4 мая. В последние несколько дней в город нескончаемым потоком прибывали отбившиеся от своих частей солдаты, но их тотчас же отлавливают и отправляют на передовую. Близлежащие леса сейчас ими кишмя кишат — люди ищут убежища на западе, чтобы только не попасть в лапы русским. Три дня назад мы узнали о самоубийстве Адольфа Гитлера и Евы Браун. Мы были потрясены тем, что гордый вождь нации решил свести счеты с жизнью столь малодушным образом. Правда, спустя несколько часов о нем уже забыли: с нас хватает собственных забот. Говорят, что русские уже совсем рядом и скоро окажутся здесь. Так что спим мы беспокойно. Да и как тут уснешь, когда поблизости с двух сторон грохочет вражеская артиллерия.

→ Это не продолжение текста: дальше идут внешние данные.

(* Let $\lambda_1,\lambda_2,\mu>0$, $p_{12},p_{21}\in[0,1]$, $r_1,r_2,h_1,h_2\ge0$, $c_1,c_2\in\mathbb{R}$. For nonnegative integers $Q_1,Q_2$ define $$\pi^{(2)}(Q_1,Q_2)=\mu\Big[(r_1-c_1)Q_1+(r_2-c_2)Q_2-(r_1+h_1)E_{Q_1,Q_2}[m_1]-(r_2+h_2)E_{Q_1,Q_2}[m_2]\Big],$$ where $(m_1,m_2)$ has the stationary distribution of the inventory CTMC with random replenishment and order levels $(Q_1,Q_2)$. Then $\pi^{(2)}$ is submodular: for all integers $Q_1,Q_2\ge0$, $$\pi^{(2)}(Q_1+1,Q_2+1)-\pi^{(2)}(Q_1+1,Q_2)-\pi^{(2)}(Q_1,Q_2+1)+\pi^{(2)}(Q_1,Q_2)\le0.$$
   Context: Inventory CTMC with random replenishment and order levels $(Q_1,Q_2)$: state space $\{0,\dots,Q_1\}\times\{0,\dots,Q_2\}$; demand transitions: from $(i_1,i_2)$ with $i_1,i_2\ge1$, to $(i_1-1,i_2)$ at rate $\lambda_1$ and to $(i_1,i_2-1)$ at rate $\lambda_2$; from $(i_1,0)$ with $i_1\ge1$, to $(i_1-1,0)$ at rate $s_1=\lambda_1+\lambda_2p_{21}$; from $(0,i_2)$ with $i_2\ge1$, to $(0,i_2-1)$ at rate $s_2=\lambda_2+\lambda_1p_{12}$; no demand transitions out of $(0,0)$; from every state a replenishment transition to $(Q_1,Q_2)$ at rate $\mu$. $r_i,c_i,h_i$ are the retail price, unit purchase cost, and end-of-period holding cost of product $i$. *)

theory Defs
  imports Complex_Main
begin

definition inv_states :: "nat \<Rightarrow> nat \<Rightarrow> (nat \<times> nat) set" where
  "inv_states Q1 Q2 = {0..Q1} \<times> {0..Q2}"

definition demand_rate ::
  "real \<Rightarrow> real \<Rightarrow> real \<Rightarrow> real \<Rightarrow> nat \<times> nat \<Rightarrow> nat \<times> nat \<Rightarrow> real" where
  "demand_rate l1 l2 p12 p21 x y =
     (let (i1, i2) = x in
      if i1 \<ge> 1 \<and> i2 \<ge> 1 then
        (if y = (i1 - 1, i2) then l1 else if y = (i1, i2 - 1) then l2 else 0)
      else if i1 \<ge> 1 \<and> i2 = 0 then
        (if y = (i1 - 1, 0) then l1 + l2 * p21 else 0)
      else if i1 = 0 \<and> i2 \<ge> 1 then
        (if y = (0, i2 - 1) then l2 + l1 * p12 else 0)
      else 0)"

definition inv_rate ::
  "real \<Rightarrow> real \<Rightarrow> real \<Rightarrow> real \<Rightarrow> real \<Rightarrow> nat \<Rightarrow> nat \<Rightarrow> nat \<times> nat \<Rightarrow> nat \<times> nat \<Rightarrow> real" where
  "inv_rate l1 l2 mu p12 p21 Q1 Q2 x y =
     (if x = y then 0
      else demand_rate l1 l2 p12 p21 x y + (if y = (Q1, Q2) then mu else 0))"

definition is_stationary ::
  "real \<Rightarrow> real \<Rightarrow> real \<Rightarrow> real \<Rightarrow> real \<Rightarrow> nat \<Rightarrow> nat \<Rightarrow> (nat \<times> nat \<Rightarrow> real) \<Rightarrow> bool" where
  "is_stationary l1 l2 mu p12 p21 Q1 Q2 p \<longleftrightarrow>
     (\<forall>x. x \<notin> inv_states Q1 Q2 \<longrightarrow> p x = 0) \<and>
     (\<forall>x \<in> inv_states Q1 Q2. p x \<ge> 0) \<and>
     (\<Sum>x \<in> inv_states Q1 Q2. p x) = 1 \<and>
     (\<forall>y \<in> inv_states Q1 Q2.
        (\<Sum>x \<in> inv_states Q1 Q2. p x * inv_rate l1 l2 mu p12 p21 Q1 Q2 x y) =
        p y * (\<Sum>z \<in> inv_states Q1 Q2. inv_rate l1 l2 mu p12 p21 Q1 Q2 y z))"

definition stat_dist ::
  "real \<Rightarrow> real \<Rightarrow> real \<Rightarrow> real \<Rightarrow> real \<Rightarrow> nat \<Rightarrow> nat \<Rightarrow> nat \<times> nat \<Rightarrow> real" where
  "stat_dist l1 l2 mu p12 p21 Q1 Q2 = (THE p. is_stationary l1 l2 mu p12 p21 Q1 Q2 p)"

definition E_m1 :: "real \<Rightarrow> real \<Rightarrow> real \<Rightarrow> real \<Rightarrow> real \<Rightarrow> nat \<Rightarrow> nat \<Rightarrow> real" where
  "E_m1 l1 l2 mu p12 p21 Q1 Q2 =
     (\<Sum>x \<in> inv_states Q1 Q2. real (fst x) * stat_dist l1 l2 mu p12 p21 Q1 Q2 x)"

definition E_m2 :: "real \<Rightarrow> real \<Rightarrow> real \<Rightarrow> real \<Rightarrow> real \<Rightarrow> nat \<Rightarrow> nat \<Rightarrow> real" where
  "E_m2 l1 l2 mu p12 p21 Q1 Q2 =
     (\<Sum>x \<in> inv_states Q1 Q2. real (snd x) * stat_dist l1 l2 mu p12 p21 Q1 Q2 x)"

definition profit2 ::
  "real \<Rightarrow> real \<Rightarrow> real \<Rightarrow> real \<Rightarrow> real \<Rightarrow> real \<Rightarrow> real \<Rightarrow> real \<Rightarrow> real \<Rightarrow> real \<Rightarrow> real \<Rightarrow>
   nat \<Rightarrow> nat \<Rightarrow> real" where
  "profit2 l1 l2 mu p12 p21 r1 r2 c1 c2 h1 h2 Q1 Q2 =
     mu * ((r1 - c1) * real Q1 + (r2 - c2) * real Q2
           - (r1 + h1) * E_m1 l1 l2 mu p12 p21 Q1 Q2
           - (r2 + h2) * E_m2 l1 l2 mu p12 p21 Q1 Q2)"

end

theory Submission
  imports Defs
begin

text \<open>Replenishment resets the chain to \<open>(Q1, Q2)\<close> at rate \<open>mu\<close> whatever the current state,
  so the stationary law is the law of the pure demand process started at \<open>(Q1, Q2)\<close> and observed
  at an independent exponential time of rate \<open>mu\<close>.  First-step analysis turns this into a
  recursion in the order levels, and \<open>E[m1]\<close>, \<open>E[m2]\<close> inherit linear recursions with positive
  coefficients.  In the interior these express the mixed difference at \<open>(a + 1, b + 1)\<close> as a
  positive combination of those at \<open>(a, b + 1)\<close> and \<open>(a + 1, b)\<close>; on the two edges it is
  nonnegative by direct bounds, using that substitution only speeds up depletion of stock 1 once
  stock 2 is empty.  Hence the expectations are supermodular and the profit is submodular.\<close>

lemma nat_grid_induct:
  assumes "R 0 0" "\<And>a. R a 0 \<Longrightarrow> R (Suc a) 0" "\<And>b. R 0 b \<Longrightarrow> R 0 (Suc b)"
    "\<And>a b. R a (Suc b) \<Longrightarrow> R (Suc a) b \<Longrightarrow> R (Suc a) (Suc b)"
  shows "R a b"
proof (induction a arbitrary: b)
  case 0
  show ?case by (induction b) (use assms in auto)
next
  case (Suc a)
  show ?case by (induction b) (use assms Suc.IH in auto)
qed

definition mixed_diff :: "(nat \<Rightarrow> nat \<Rightarrow> real) \<Rightarrow> nat \<Rightarrow> nat \<Rightarrow> real" where
  "mixed_diff G a b = G (Suc a) (Suc b) - G (Suc a) b - G a (Suc b) + G a b"

lemma mixed_diff_transpose: "mixed_diff (\<lambda>a b. G b a) b a = mixed_diff G a b"
  by (simp add: mixed_diff_def)

text \<open>The recursion satisfied by \<open>G a b = E[m1]\<close> at order levels \<open>(a, b)\<close>, with
  \<open>\<alpha> = \<lambda>1\<close>, \<open>\<beta> = \<lambda>2\<close> and \<open>s = \<lambda>1 + \<lambda>2 * p21\<close> the depletion rate of stock 1 once
  stock 2 is empty.\<close>

locale mean_level_recursion =
  fixes G :: "nat \<Rightarrow> nat \<Rightarrow> real" and \<alpha> \<beta> s mu :: real
  assumes pos: "\<alpha> > 0" "\<beta> > 0" "mu > 0" and s_ge: "\<alpha> \<le> s"
    and G_zero: "G 0 b = 0"
    and G_edge: "(s + mu) * G (Suc a) 0 = mu * real (Suc a) + s * G a 0"
    and G_inner: "(\<alpha> + \<beta> + mu) * G (Suc a) (Suc b) =
      mu * real (Suc a) + \<alpha> * G a (Suc b) + \<beta> * G (Suc a) b"
begin

lemma G_one_le: "G 1 b \<le> mu / (\<alpha> + mu)"
proof (induction b)
  case 0
  have "G 1 0 = mu / (s + mu)" using G_edge[of 0] G_zero pos s_ge by (simp add: field_simps)
  then show ?case using pos s_ge by (simp add: frac_le)
next
  case (Suc b)
  have "(\<alpha> + \<beta> + mu) * G 1 (Suc b) = mu + \<beta> * G 1 b"
    using G_inner[of 0 b] G_zero by simp
  also have "\<dots> \<le> mu + \<beta> * (mu / (\<alpha> + mu))"
    using Suc pos by (intro add_left_mono mult_left_mono) auto
  also have "\<dots> = (\<alpha> + \<beta> + mu) * (mu / (\<alpha> + mu))"
    using pos by (simp add: field_simps)
  finally show ?case
    by (rule mult_left_le_imp_le) (use pos in simp)
qed

lemma mixed_diff_at_a0: "0 \<le> mixed_diff G 0 b"
proof -
  have "(\<alpha> + \<beta> + mu) * mixed_diff G 0 b = mu - (\<alpha> + mu) * G 1 b"
    using G_inner[of 0 b] G_zero by (simp add: mixed_diff_def algebra_simps)
  also have "\<dots> \<ge> 0" using G_one_le[of b] pos by (simp add: field_simps)
  finally show ?thesis using pos by (simp add: zero_le_mult_iff)
qed

definition incr_a :: "nat \<Rightarrow> real" where
  "incr_a a = G (Suc a) 0 - G a 0"

definition incr_b :: "nat \<Rightarrow> real" where
  "incr_b a = G a 1 - G a 0"

lemma incr_a_0: "(s + mu) * incr_a 0 = mu"
  using G_edge[of 0] G_zero by (simp add: incr_a_def)

lemma incr_a_Suc: "(s + mu) * incr_a (Suc a) = mu + s * incr_a a"
  using G_edge[of a] G_edge[of "Suc a"]
  by (simp add: incr_a_def algebra_simps)

lemma incr_a_bounds: "0 \<le> incr_a a \<and> incr_a a \<le> 1"
proof (induction a)
  case 0
  have "incr_a 0 = mu / (s + mu)"
    using incr_a_0 pos s_ge by (simp add: field_simps)
  then show ?case using pos s_ge by simp
next
  case (Suc a)
  have "incr_a (Suc a) = (mu + s * incr_a a) / (s + mu)"
    using incr_a_Suc[of a] pos s_ge by (simp add: field_simps)
  moreover have "s * incr_a a \<le> s" using Suc pos s_ge by (simp add: mult_left_le)
  ultimately show ?case using Suc pos s_ge by simp
qed

lemma incr_a_mono: "incr_a a \<le> incr_a (Suc a)"
proof -
  have "(s + mu) * (incr_a (Suc a) - incr_a a) = mu * (1 - incr_a a)"
    using incr_a_Suc[of a] by (simp add: algebra_simps)
  also have "\<dots> \<ge> 0" using incr_a_bounds[of a] pos by simp
  finally show ?thesis using pos s_ge by (simp add: zero_le_mult_iff)
qed

lemma incr_b_0: "incr_b 0 = 0"
  by (simp add: incr_b_def G_zero)

lemma incr_b_Suc:
  "(\<alpha> + \<beta> + mu) * incr_b (Suc a) = \<alpha> * incr_b a + (s - \<alpha>) * incr_a a"
  using G_inner[of a 0] G_edge[of a]
  by (simp add: incr_b_def incr_a_def algebra_simps)

lemma incr_b_mono: "incr_b a \<le> incr_b (Suc a)"
proof (induction a)
  case 0
  have "0 \<le> (\<alpha> + \<beta> + mu) * incr_b 1"
    using incr_b_Suc[of 0] incr_b_0 incr_a_bounds[of 0] s_ge by simp
  then show ?case using incr_b_0 pos by (simp add: zero_le_mult_iff)
next
  case (Suc a)
  have "(\<alpha> + \<beta> + mu) * (incr_b (Suc (Suc a)) - incr_b (Suc a))
      = \<alpha> * (incr_b (Suc a) - incr_b a) + (s - \<alpha>) * (incr_a (Suc a) - incr_a a)"
    using incr_b_Suc[of "Suc a"] incr_b_Suc[of a] by (simp add: algebra_simps)
  also have "\<dots> \<ge> 0" using Suc incr_a_mono[of a] pos s_ge by simp
  finally show ?case using pos by (simp add: zero_le_mult_iff)
qed

lemma mixed_diff_at_b0: "0 \<le> mixed_diff G a 0"
  using incr_b_mono[of a] by (simp add: mixed_diff_def incr_b_def)

lemma mixed_diff_inner:
  "(\<alpha> + \<beta> + mu) * mixed_diff G (Suc a) (Suc b) =
     \<alpha> * mixed_diff G a (Suc b) + \<beta> * mixed_diff G (Suc a) b"
  using G_inner[of "Suc a" "Suc b"] G_inner[of "Suc a" b]
    G_inner[of a "Suc b"] G_inner[of a b]
  by (simp add: mixed_diff_def algebra_simps del: of_nat_Suc)

lemma mixed_diff_nonneg: "0 \<le> mixed_diff G a b"
proof (induction a b rule: nat_grid_induct)
  case (4 a b)
  then have "0 \<le> (\<alpha> + \<beta> + mu) * mixed_diff G (Suc a) (Suc b)"
    using mixed_diff_inner[of a b] pos by simp
  then show ?case using pos by (simp add: zero_le_mult_iff)
qed (use mixed_diff_at_a0 mixed_diff_at_b0 in auto)

end

locale inventory =
  fixes l1 l2 mu p12 p21 :: real
  assumes l1_pos: "l1 > 0" and l2_pos: "l2 > 0" and mu_pos: "mu > 0"
    and p12_nonneg: "0 \<le> p12" and p21_nonneg: "0 \<le> p21"
begin

text \<open>Demand rate of product 1 while product 2 is at level \<open>i2\<close> (with product 2 sold out,
  its customers substitute with probability \<open>p21\<close>), and symmetrically.\<close>

definition rate1 :: "nat \<Rightarrow> real" where
  "rate1 i2 = (if 0 < i2 then l1 else l1 + l2 * p21)"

5 мая. Начало дня было облачным. Солнце нагрело молодую зеленую листву и ветви и прочертило четкие тени на аккуратных пешеходных дорожках. Трава в садах и парках темно-зеленая, а кустарник вдоль дорог в самом цветении и источает сказочный аромат. Этот весенний день прекрасен — не в последнюю очередь благодаря известию о том, что сегодня Мариенбад будет сдан американцам без боя. И мы вот уже в течение нескольких часов ожидаем бескровного прихода американцев.
Интересно, какие они? Когда мы узнаем об их приближении к городу, я и еще группа солдат идем по улице и останавливаемся возле большого госпиталя. Солдаты, раненные на Западном фронте, рассказывают, что американцы вооружены намного лучше нас, но гораздо более изнежены. Если бы их не кормили на убой и не будь у них такого количества оружия, им бы никогда не одолеть нас, немецких солдат. Да что там! Даже просто выжить в бою. Но к чему подобные сравнения? Они победители, и нам вскоре предстоит встретиться с ними лицом к лицу.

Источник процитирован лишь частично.